Task details: Please return every line of the records below that contains the word "dots".

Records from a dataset
-- Opening Marker --
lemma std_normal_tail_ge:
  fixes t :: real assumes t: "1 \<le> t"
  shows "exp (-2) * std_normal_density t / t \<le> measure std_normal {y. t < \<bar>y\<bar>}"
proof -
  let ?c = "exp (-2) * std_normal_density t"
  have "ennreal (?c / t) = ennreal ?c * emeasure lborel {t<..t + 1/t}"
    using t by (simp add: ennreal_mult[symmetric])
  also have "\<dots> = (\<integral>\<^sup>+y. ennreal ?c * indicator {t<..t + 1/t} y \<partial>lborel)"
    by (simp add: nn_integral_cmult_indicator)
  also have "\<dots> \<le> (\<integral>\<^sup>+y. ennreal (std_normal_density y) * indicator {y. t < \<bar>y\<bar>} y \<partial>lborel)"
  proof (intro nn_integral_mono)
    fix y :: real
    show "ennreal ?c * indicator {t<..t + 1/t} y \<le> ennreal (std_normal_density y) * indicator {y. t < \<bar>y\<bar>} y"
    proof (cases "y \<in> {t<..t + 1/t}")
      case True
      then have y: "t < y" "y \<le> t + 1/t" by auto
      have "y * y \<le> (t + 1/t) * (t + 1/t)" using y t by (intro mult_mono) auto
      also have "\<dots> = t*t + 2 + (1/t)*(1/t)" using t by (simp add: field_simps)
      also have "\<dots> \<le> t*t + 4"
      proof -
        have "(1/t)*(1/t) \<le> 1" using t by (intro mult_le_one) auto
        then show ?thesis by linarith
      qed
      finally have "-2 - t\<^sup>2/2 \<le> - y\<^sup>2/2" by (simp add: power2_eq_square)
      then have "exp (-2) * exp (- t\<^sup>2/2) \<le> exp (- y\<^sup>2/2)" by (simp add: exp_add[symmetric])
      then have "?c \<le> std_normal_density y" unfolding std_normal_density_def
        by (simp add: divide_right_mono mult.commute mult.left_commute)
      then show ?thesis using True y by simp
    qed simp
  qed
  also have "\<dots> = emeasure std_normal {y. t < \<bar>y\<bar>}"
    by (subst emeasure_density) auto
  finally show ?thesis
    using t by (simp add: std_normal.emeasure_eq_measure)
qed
-- Closing Marker --
Exercise response:
  also have "\<dots> = (\<integral>\<^sup>+y. ennreal ?c * indicator {t<..t + 1/t} y \<partial>lborel)"
  also have "\<dots> \<le> (\<integral>\<^sup>+y. ennreal (std_normal_density y) * indicator {y. t < \<bar>y\<bar>} y \<partial>lborel)"
      also have "\<dots> = t*t + 2 + (1/t)*(1/t)" using t by (simp add: field_simps)
      also have "\<dots> \<le> t*t + 4"
  also have "\<dots> = emeasure std_normal {y. t < \<bar>y\<bar>}"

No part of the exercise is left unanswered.